● TO DO: In the listing below, pick out lines with "subseteq".

● RECORDED INFORMATION:
lemma integrable_continuous_compact_support:
  fixes g :: "real^'n \<Rightarrow> real"
  assumes "continuous_on UNIV g" "compact K" "\<And>x. x \<notin> K \<Longrightarrow> g x = 0"
  shows "integrable lborel g"
proof -
  obtain B where B: "\<And>x. \<bar>g x\<bar> \<le> B"
    by (rule continuous_bounded_outside_compact[OF assms]) blast+
  have "integrable lborel (\<lambda>x. B * indicator K x)"
    using emeasure_bounded_finite[OF compact_imp_bounded[OF assms(2)]] assms(2)
    by (intro integrable_mult_right integrable_real_indicator) (auto simp: compact_imp_closed)
  then show ?thesis
  proof (rule Bochner_Integration.integrable_bound)
    show "g \<in> borel_measurable lborel"
      using borel_measurable_continuous_onI[OF assms(1)] by simp
    show "AE x in lborel. norm (g x) \<le> norm (B * indicator K x)"
    proof (intro AE_I2)
      show "norm (g x) \<le> norm (B * indicator K x)" for x
        using B[of x] assms(3)[of x] by (cases "x \<in> K") auto
    qed
  qed
qed

lemma integral_lborel_translate:
  fixes F :: "'a::euclidean_space \<Rightarrow> real"
  assumes "F \<in> borel_measurable borel"
  shows "integral\<^sup>L lborel (\<lambda>x. F (x + c)) = integral\<^sup>L lborel F"
  using integral_distr[of "(+) c" lborel borel F] assms by (simp add: lborel_distr_plus add.commute)

lemma integrable_lborel_translate:
  fixes F :: "'a::euclidean_space \<Rightarrow> real"
  assumes "integrable lborel F"
  shows "integrable lborel (\<lambda>x. F (x + c))"
  using assms integrable_distr_eq[of "(+) c" lborel borel F]
  by (simp add: lborel_distr_plus add.commute)

lemma integral_difference_quotient_eq_0:
  fixes F :: "'a::euclidean_space \<Rightarrow> real"
  assumes "integrable lborel F"
  shows "integral\<^sup>L lborel (\<lambda>x. (F (x + c) - F x) / t) = 0"
proof -
  have "integral\<^sup>L lborel (\<lambda>x. (F (x + c) - F x) / t)
      = (integral\<^sup>L lborel (\<lambda>x. F (x + c)) - integral\<^sup>L lborel F) / t"
    using integrable_lborel_translate[OF assms] assms by simp
  then show ?thesis
    using integral_lborel_translate[of F c] borel_measurable_integrable[OF assms] by simp
qed

lemma difference_quotient_tendsto_pder:
  fixes F :: "real^'n \<Rightarrow> real"
  assumes "F differentiable_on UNIV"
  shows "(\<lambda>m. (F (x + inverse (real (Suc m)) *\<^sub>R axis j 1) - F x) / inverse (real (Suc m)))
    \<longlonglongrightarrow> pder j F x"
proof -
  have "((\<lambda>s. (F (x + s *\<^sub>R axis j 1) - F x) / s) \<longlongrightarrow> pder j F x) (at 0)"
    using pder_line_has_real_derivative[OF assms, of x j 0] by (simp add: has_field_derivative_iff)
  moreover have "filterlim (\<lambda>m. inverse (real (Suc m))) (at 0) sequentially"
    unfolding filterlim_at using LIMSEQ_inverse_real_of_nat by (auto intro!: always_eventually)
  ultimately show ?thesis
    by (rule filterlim_compose)
qed

text \<open>The difference quotients in direction \<open>j\<close> all have integral zero by translation
  invariance of Lebesgue measure, and they converge to the derivative under a common
  integrable bound.\<close>

lemma integral_pder_eq_0:
  fixes F :: "real^'n \<Rightarrow> real"
  assumes F: "F differentiable_on UNIV" and dF: "continuous_on UNIV (pder j F)"
    and K: "compact K" and F0: "\<And>x. x \<notin> K \<Longrightarrow> F x = 0"
  shows "integral\<^sup>L lborel (pder j F) = 0"
proof -
  let ?e = "axis j 1 :: real^'n"
  define t where "t m = inverse (real (Suc m))" for m
  define D where "D m x = (F (x + t m *\<^sub>R ?e) - F x) / t m" for m x
  have t: "0 < t m" "t m \<le> 1" for m
    by (auto simp: t_def inverse_le_1_iff)
  have FI: "integrable lborel F"
    using integrable_continuous_compact_support[OF differentiable_imp_continuous_on[OF F] K F0] .
  have "closure {x. F x \<noteq> 0} \<subseteq> K"
    using F0 by (intro closure_minimal compact_imp_closed K) auto
  then have dF0: "pder j F x = 0" if "x \<notin> K" for x
    using that by (intro pder_eq_0_outside_support) auto
  obtain B where B: "\<And>x. \<bar>pder j F x\<bar> \<le> B"
    by (rule continuous_bounded_outside_compact[OF dF K dF0]) blast+
  obtain R where R: "\<And>x. x \<in> K \<Longrightarrow> norm x \<le> R"
    using compact_imp_bounded[OF K] by (auto simp: bounded_iff)
  have "integral\<^sup>L lborel (D m) = 0" for m
    unfolding D_def[abs_def] using FI by (rule integral_difference_quotient_eq_0)
  moreover have "(\<lambda>m. integral\<^sup>L lborel (D m)) \<longlonglongrightarrow> integral\<^sup>L lborel (pder j F)"
  proof (rule integral_dominated_convergence[where w = "\<lambda>x. B * indicator (cball 0 (R + 1)) x"])
    show "integrable lborel (\<lambda>x::real^'n. B * indicator (cball 0 (R + 1)) x)"
      using emeasure_lborel_cball_finite[of 0 "R + 1"]
      by (intro integrable_mult_right integrable_real_indicator) auto
    show "pder j F \<in> borel_measurable lborel"
      using borel_measurable_continuous_onI[OF dF] by simp
    show "D m \<in> borel_measurable lborel" for m
      unfolding D_def[abs_def] using borel_measurable_integrable[OF FI] by measurable
    show "AE x in lborel. (\<lambda>m. D m x) \<longlonglongrightarrow> pder j F x"
      unfolding D_def t_def using difference_quotient_tendsto_pder[OF F] by simp
    show "AE x in lborel. norm (D m x) \<le> B * indicator (cball 0 (R + 1)) x" for m
    proof (intro AE_I2)
      fix x :: "real^'n"
      show "norm (D m x) \<le> B * indicator (cball 0 (R + 1)) x"
      proof (cases "norm x \<le> R + 1")
        case True
        then show ?thesis
          using difference_quotient_bounded[OF F B t(1), of x m] by (simp add: D_def)
      next
        case False
        have "norm (t m *\<^sub>R ?e) = t m"
          using t[of m] by simp
        then have "norm (x + t m *\<^sub>R ?e) \<ge> norm x - t m"
          using norm_diff_ineq[of x "t m *\<^sub>R ?e"] by linarith
        then have "x \<notin> K" "x + t m *\<^sub>R ?e \<notin> K"
          using False R[of x] R[of "x + t m *\<^sub>R ?e"] t[of m] by auto
        then show ?thesis
          using False by (simp add: D_def F0)
      qed
    qed
  qed
  ultimately show ?thesis
    by (simp add: LIMSEQ_const_iff)
qed

lemma integral_lebesgue_on_eq_lborel:
  fixes h :: "real^'n \<Rightarrow> real"
  assumes "\<Omega> \<in> sets lebesgue" "h \<in> borel_measurable lborel" "\<And>x. x \<notin> \<Omega> \<Longrightarrow> h x = 0"
  shows "integral\<^sup>L (lebesgue_on \<Omega>) h = integral\<^sup>L lborel h"
proof -
  have "integral\<^sup>L (lebesgue_on \<Omega>) h = integral\<^sup>L lebesgue (\<lambda>x. indicator \<Omega> x *\<^sub>R h x)"
    by (rule integral_restrict_space) (use assms(1) in simp)
  also have "(\<lambda>x. indicator \<Omega> x *\<^sub>R h x) = h"
  proof
    show "indicator \<Omega> x *\<^sub>R h x = h x" for x
      using assms(3)[of x] by (cases "x \<in> \<Omega>") simp_all
  qed
  also have "integral\<^sup>L lebesgue h = integral\<^sup>L lborel h"
    using assms(2) by (rule integral_completion)
  finally show ?thesis .
qed

lemma test_fun_integration_by_parts:
  fixes \<psi> \<eta> :: "real^'n \<Rightarrow> real"
  assumes \<Omega>: "\<Omega> \<in> sets lebesgue" and \<psi>: "test_fun \<Omega> \<psi>" and \<eta>: "test_fun \<Omega> \<eta>"
  shows "integral\<^sup>L (lebesgue_on \<Omega>) (\<lambda>x. \<psi> x * pder j \<eta> x) =
    - integral\<^sup>L (lebesgue_on \<Omega>) (\<lambda>x. pder j \<psi> x * \<eta> x)"
proof -
  let ?K = "closure {x. \<psi> x \<noteq> 0}"
  let ?A = "\<lambda>x. pder j \<psi> x * \<eta> x" and ?B = "\<lambda>x. \<psi> x * pder j \<eta> x"
  have K: "compact ?K" "?K \<subseteq> \<Omega>"
    using \<psi> by (auto simp: test_fun_def)
  have A0: "?A x = 0" and B0: "?B x = 0" if "x \<notin> ?K" for x
    using that eq_0_outside_closure_support pder_eq_0_outside_support by auto
  then have "?A x = 0" "?B x = 0" if "x \<notin> \<Omega>" for x
    using that K(2) by auto
  have A: "continuous_on UNIV ?A" and B: "continuous_on UNIV ?B"
    using test_fun_continuous[OF \<psi>] test_fun_continuous[OF \<eta>]
      test_fun_pder_continuous[OF \<psi>] test_fun_pder_continuous[OF \<eta>]
    by (auto intro: continuous_on_mult)
  have AI: "integrable lborel ?A" and BI: "integrable lborel ?B"
    using A0 B0 by (auto intro: integrable_continuous_compact_support[OF A K(1)]
        integrable_continuous_compact_support[OF B K(1)])
  have d: "\<psi> differentiable_on UNIV" "\<eta> differentiable_on UNIV"
    using \<psi> \<eta> by (auto intro: test_fun_differentiable)
  have "integral\<^sup>L lborel (pder j (\<lambda>x. \<psi> x * \<eta> x)) = 0"
  proof (rule integral_pder_eq_0[OF _ _ K(1)])
    show "(\<lambda>x. \<psi> x * \<eta> x) differentiable_on UNIV"
      using d by (rule differentiable_on_mult)
    show "continuous_on UNIV (pder j (\<lambda>x. \<psi> x * \<eta> x))"
      unfolding pder_mult[OF d] using A B by (rule continuous_on_add)
  qed (use eq_0_outside_closure_support in auto)
  then have "integral\<^sup>L lborel ?A + integral\<^sup>L lborel ?B = 0"
    using AI BI by (simp add: pder_mult[OF d])
  moreover have "integral\<^sup>L (lebesgue_on \<Omega>) ?A = integral\<^sup>L lborel ?A"
    "integral\<^sup>L (lebesgue_on \<Omega>) ?B = integral\<^sup>L lborel ?B"
    using A B \<open>\<And>x. x \<notin> \<Omega> \<Longrightarrow> ?A x = 0\<close> \<open>\<And>x. x \<notin> \<Omega> \<Longrightarrow> ?B x = 0\<close>
    by (auto intro!: integral_lebesgue_on_eq_lborel[OF \<Omega>] borel_measurable_continuous_onI)
  ultimately show ?thesis by linarith
qed

section \<open>Truncation of Sobolev functions\<close>

lemma abs_trunc_le: "k > 0 \<Longrightarrow> \<bar>trunc k t\<bar> \<le> \<bar>t\<bar>" "k > 0 \<Longrightarrow> \<bar>trunc k t\<bar> \<le> k"
  by (auto simp: trunc_def)

lemma trunc_lipschitz: "\<bar>trunc k a - trunc k b\<bar> \<le> \<bar>a - b\<bar>"
  by (simp add: trunc_def max_def min_def abs_if)

lemma trunc_minus: "k \<ge> 0 \<Longrightarrow> trunc k (- t) = - trunc k t"
  by (simp add: trunc_def max_def min_def)
lemma antimono_on_integral_lower_limit:
  fixes f :: "real \<Rightarrow> real"
  assumes "continuous_on {a<..c} f" "\<forall>x\<in>{a<..c}. 0 \<le> f x"
  shows "antimono_on {a<..c} (\<lambda>u. integral {u..c} f)"
proof (rule monotone_onI)
  fix x y assume "x \<in> {a<..c}" "y \<in> {a<..c}" "x \<le> y"
  then have sub: "{y..c} \<subseteq> {x..c}" "{x..c} \<subseteq> {a<..c}" by auto
  then have "f integrable_on {x..c}"
    using assms(1) by (intro integrable_continuous_interval) (rule continuous_on_subset)
  then show "integral {y..c} f \<le> integral {x..c} f"
    using sub assms(2) by (intro integral_subset_le) (auto intro: integrable_on_subinterval)
qed

lemma strict_antimono_on_the_inv_into:
  fixes f :: "'a::linorder \<Rightarrow> 'b::linorder"
  assumes "bij_betw f A B" "antimono_on A f"
  shows "strict_antimono_on B (the_inv_into A f)"
proof (rule monotone_onI)
  fix s t assume "s \<in> B" "t \<in> B" "s < t"
  have inv: "the_inv_into A f y \<in> A" "f (the_inv_into A f y) = y" if "y \<in> B" for y
    using assms(1) that
    by (auto simp: bij_betw_def intro: the_inv_into_into f_the_inv_into_f)
  show "the_inv_into A f t < the_inv_into A f s"
  proof (rule ccontr)
    assume "\<not> ?thesis"
    then have "f (the_inv_into A f s) \<ge> f (the_inv_into A f t)"
      using \<open>s \<in> B\<close> \<open>t \<in> B\<close> inv by (intro monotone_onD[OF assms(2)]) auto
    with \<open>s \<in> B\<close> \<open>t \<in> B\<close> \<open>s < t\<close> show False using inv by simp
  qed
qed

lemma phi_inverse_strict_antimono_pos:
  fixes \<psi> :: "real \<Rightarrow> real" and a b :: real
  defines "\<phi> \<equiv> \<lambda>u. integral {u..b} (\<lambda>\<xi>. 1 / (\<xi> * \<psi> \<xi>))"
  assumes "0 \<le> a" "continuous_on {a<..b} \<psi>" "\<forall>u\<in>{a<..b}. 0 < \<psi> u"
    and "bij_betw \<phi> {a<..b} {0..}"
  shows "strict_antimono_on {0..} (the_inv_into {a<..b} \<phi>)"
    and "\<forall>t\<ge>0. 0 < the_inv_into {a<..b} \<phi> t"
proof -
  have "\<forall>\<xi>\<in>{a<..b}. 0 < \<xi> * \<psi> \<xi>"
    using assms(2,4) by (auto intro!: mult_pos_pos)
  then have "antimono_on {a<..b} \<phi>"
    unfolding \<phi>_def using assms(3)
    by (intro antimono_on_integral_lower_limit continuous_intros) (fastforce simp: less_imp_le)+
  then show "strict_antimono_on {0..} (the_inv_into {a<..b} \<phi>)"
    using assms(5) by (intro strict_antimono_on_the_inv_into)
  show "\<forall>t\<ge>0. 0 < the_inv_into {a<..b} \<phi> t"
  proof (intro allI impI)
    fix t :: real assume "0 \<le> t"
    then have "the_inv_into {a<..b} \<phi> t \<in> {a<..b}"
      using assms(5) unfolding bij_betw_def by (intro the_inv_into_into) auto
    then show "0 < the_inv_into {a<..b} \<phi> t"
      using assms(2) by auto
  qed
qed

lemma peak_linear_plus_ln_of_strict_antimono:
  fixes h :: "real \<Rightarrow> real" and a c k T :: real
  assumes "0 < c" "0 < k" and h: "strict_antimono_on {0..} h" "\<forall>t\<ge>0. 0 < h t"
    and T: "0 \<le> T" "h T = k/c"
  shows "\<forall>t\<ge>0. a - c * h t + k * ln (h t) \<le> a - c * h T + k * ln (h T)"
    and "strict_mono_on {0..<T} (\<lambda>t. a - c * h t + k * ln (h t))"
    and "strict_antimono_on {T<..} (\<lambda>t. a - c * h t + k * ln (h t))"
proof -
  show "\<forall>t\<ge>0. a - c * h t + k * ln (h t) \<le> a - c * h T + k * ln (h T)"
    using linear_plus_ln_le_max[OF assms(1,2)] h(2) T(2) by simp
  have h_less: "h t < h s" if "0 \<le> s" "s < t" for s t
    using monotone_onD[OF h(1)] that by simp
  show "strict_mono_on {0..<T} (\<lambda>t. a - c * h t + k * ln (h t))"
  proof (rule strict_mono_onI)
    fix s t assume "s \<in> {0..<T}" "t \<in> {0..<T}" "s < t"
    then have "k/c < h t" "h t < h s"
      using h_less[of t T] h_less[of s t] T by auto
    then show "a - c * h s + k * ln (h s) < a - c * h t + k * ln (h t)"
      using monotone_onD[OF strict_antimono_on_linear_plus_ln[OF assms(1,2)]] by simp
  qed
  show "strict_antimono_on {T<..} (\<lambda>t. a - c * h t + k * ln (h t))"
  proof (rule monotone_onI)
    fix s t assume "s \<in> {T<..}" "t \<in> {T<..}" "s < t"
    then have "0 < h t" "h t < h s" "h s < k/c"
      using h_less[of T s] h_less[of s t] h(2) T by auto
    then show "a - c * h t + k * ln (h t) < a - c * h s + k * ln (h s)"
      using monotone_onD[OF strict_mono_on_linear_plus_ln[OF assms(1,2)]] by simp
  qed
qed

● YOUR RESPONSE:
  have "closure {x. F x \<noteq> 0} \<subseteq> K"
  have K: "compact ?K" "?K \<subseteq> \<Omega>"
  then have sub: "{y..c} \<subseteq> {x..c}" "{x..c} \<subseteq> {a<..c}" by auto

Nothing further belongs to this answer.